(* If $(T,\mu,\mathcal{A})\in\mathcal{T}$ is $\alpha$-mixing, then $T$ is exact with respect to $\mu$, i.e. $\bigcap_{n\ge0}T^{-n}\mathcal{B}=\{\emptyset,X\}$ modulo $\mu$ (and hence $T$ has positive entropy).
   Context: Let $X=[0,1]$, $\mathcal{B}$ its Borel $\sigma$-algebra, $\lambda$ Lebesgue measure. A partition of $[0,1]$ is a finite or countable family of intervals with nonempty pairwise disjoint interiors whose union is $[0,1]$ up to a $\lambda$-null set. The class $\mathcal{T}$ consists of triples $(T,\mu,\mathcal{A})$ where $\mu$ is a Borel probability measure on $[0,1]$ with $\frac1c\mu(A)\le\lambda(A)\le c\mu(A)$ for all $A\in\mathcal{B}$ for some $c\ge1$, $T:[0,1]\to[0,1]$ is measurable, $\mu$-preserving and ergodic, and $\mathcal{A}$ is a partition of $[0,1]$ such that: $T|_{\mathrm{int}(I)}$ is continuous and strictly monotone for each $I\in\mathcal{A}$; $\bigvee_{j\ge0}T^{-j}\sigma(\mathcal{A})=\mathcal{B}$ mod $\lambda$; and $H(\mathcal{A})=-\sum_{I\in\mathcal{A}}\mu(I)\log\mu(I)<\infty$. Write $\mathcal{A}^l=\bigvee_{j=0}^{l-1}T^{-j}\mathcal{A}$. $(T,\mu,\mathcal{A})\in\mathcal{T}$ is $\alpha$-mixing if there are nonnegative reals $\alpha(n)\to0$ such that for every $l\in\mathbb{N}$, every integer $n\ge0$, every $A\in\sigma(\mathcal{A}^l)$ and every $B\in\mathcal{B}$: $|\mu(A\cap T^{-(n+l)}B)-\mu(A)\mu(B)|\le\alpha(n)$. *)

theory Defs
  imports "HOL-Probability.Probability"
begin

definition unit_borel :: "real measure" where
  "unit_borel = restrict_space borel {0..1}"

definition is_interval_partition :: "real set set \<Rightarrow> bool" where
  "is_interval_partition P \<longleftrightarrow>
     countable P \<and>
     (\<forall>I\<in>P. is_interval I \<and> I \<subseteq> {0..1} \<and> interior I \<noteq> {}) \<and>
     (\<forall>I\<in>P. \<forall>J\<in>P. I \<noteq> J \<longrightarrow> interior I \<inter> interior J = {}) \<and>
     {0..1} - \<Union>P \<in> null_sets lborel"

definition preim :: "(real \<Rightarrow> real) \<Rightarrow> nat \<Rightarrow> real set \<Rightarrow> real set" where
  "preim T j S = {0..1} \<inter> (T ^^ j) -` S"

definition preim_sigma :: "(real \<Rightarrow> real) \<Rightarrow> real set set \<Rightarrow> nat \<Rightarrow> real set set" where
  "preim_sigma T P j = preim T j ` sigma_sets {0..1} P"

definition refine :: "(real \<Rightarrow> real) \<Rightarrow> real set set \<Rightarrow> nat \<Rightarrow> real set set" where
  "refine T P l = {{0..1} \<inter> (\<Inter>j<l. (T ^^ j) -` (I j)) | I. \<forall>j<l. I j \<in> P}"

definition in_class_T :: "(real \<Rightarrow> real) \<Rightarrow> real measure \<Rightarrow> real set set \<Rightarrow> bool" where
  "in_class_T T \<mu> P \<longleftrightarrow>
     \<comment> \<open>mu is a Borel probability measure on [0,1], equivalent to Lebesgue measure\<close>
     prob_space \<mu> \<and> sets \<mu> = sets unit_borel \<and> space \<mu> = {0..1} \<and>
     (\<exists>c::real. c \<ge> 1 \<and> (\<forall>A\<in>sets unit_borel.
         measure \<mu> A / c \<le> measure lborel A \<and> measure lborel A \<le> c * measure \<mu> A)) \<and>
     \<comment> \<open>T measurable, mu-preserving and ergodic\<close>
     T \<in> measurable \<mu> \<mu> \<and>
     (\<forall>A\<in>sets \<mu>. measure \<mu> (preim T 1 A) = measure \<mu> A) \<and>
     (\<forall>A\<in>sets \<mu>. preim T 1 A = A \<longrightarrow> measure \<mu> A = 0 \<or> measure \<mu> A = 1) \<and>
     \<comment> \<open>the partition\<close>
     is_interval_partition P \<and>
     (\<forall>I\<in>P. continuous_on (interior I) T \<and>
        (strict_mono_on (interior I) T \<or> strict_antimono_on (interior I) T)) \<and>
     \<comment> \<open>generating: join of T^{-j} sigma(A) equals the Borel sets mod lambda\<close>
     (\<forall>B\<in>sets unit_borel. \<exists>C\<in>sigma_sets {0..1} (\<Union>j. preim_sigma T P j).
         (B - C) \<union> (C - B) \<in> null_sets lborel) \<and>
     \<comment> \<open>finite entropy (terms are nonnegative, 0 log 0 = 0)\<close>
     (\<lambda>I. - measure \<mu> I * ln (measure \<mu> I)) summable_on P"

definition alpha_mixing :: "(real \<Rightarrow> real) \<Rightarrow> real measure \<Rightarrow> real set set \<Rightarrow> bool" where
  "alpha_mixing T \<mu> P \<longleftrightarrow> in_class_T T \<mu> P \<and>
     (\<exists>\<alpha>::nat \<Rightarrow> real. (\<forall>n. \<alpha> n \<ge> 0) \<and> \<alpha> \<longlonglongrightarrow> 0 \<and>
        (\<forall>l::nat. l \<ge> 1 \<longrightarrow> (\<forall>n::nat. \<forall>A\<in>sigma_sets {0..1} (refine T P l). \<forall>B\<in>sets \<mu>.
           \<bar>measure \<mu> (A \<inter> preim T (n + l) B) - measure \<mu> A * measure \<mu> B\<bar> \<le> \<alpha> n)))"

definition exact :: "(real \<Rightarrow> real) \<Rightarrow> real measure \<Rightarrow> bool" where
  "exact T \<mu> \<longleftrightarrow>
     (\<forall>C. (\<forall>n. C \<in> preim T n ` sets \<mu>) \<longrightarrow> measure \<mu> C = 0 \<or> measure \<mu> C = 1)"

definition finite_meas_partition :: "real measure \<Rightarrow> real set set \<Rightarrow> bool" where
  "finite_meas_partition \<mu> Q \<longleftrightarrow> finite Q \<and> Q \<subseteq> sets \<mu> \<and> disjoint Q \<and> \<Union>Q = space \<mu>"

####################

### TRY IT
Determine how many lines in the listing above hold "lborel". Give the number without any other words.

### RESULT
3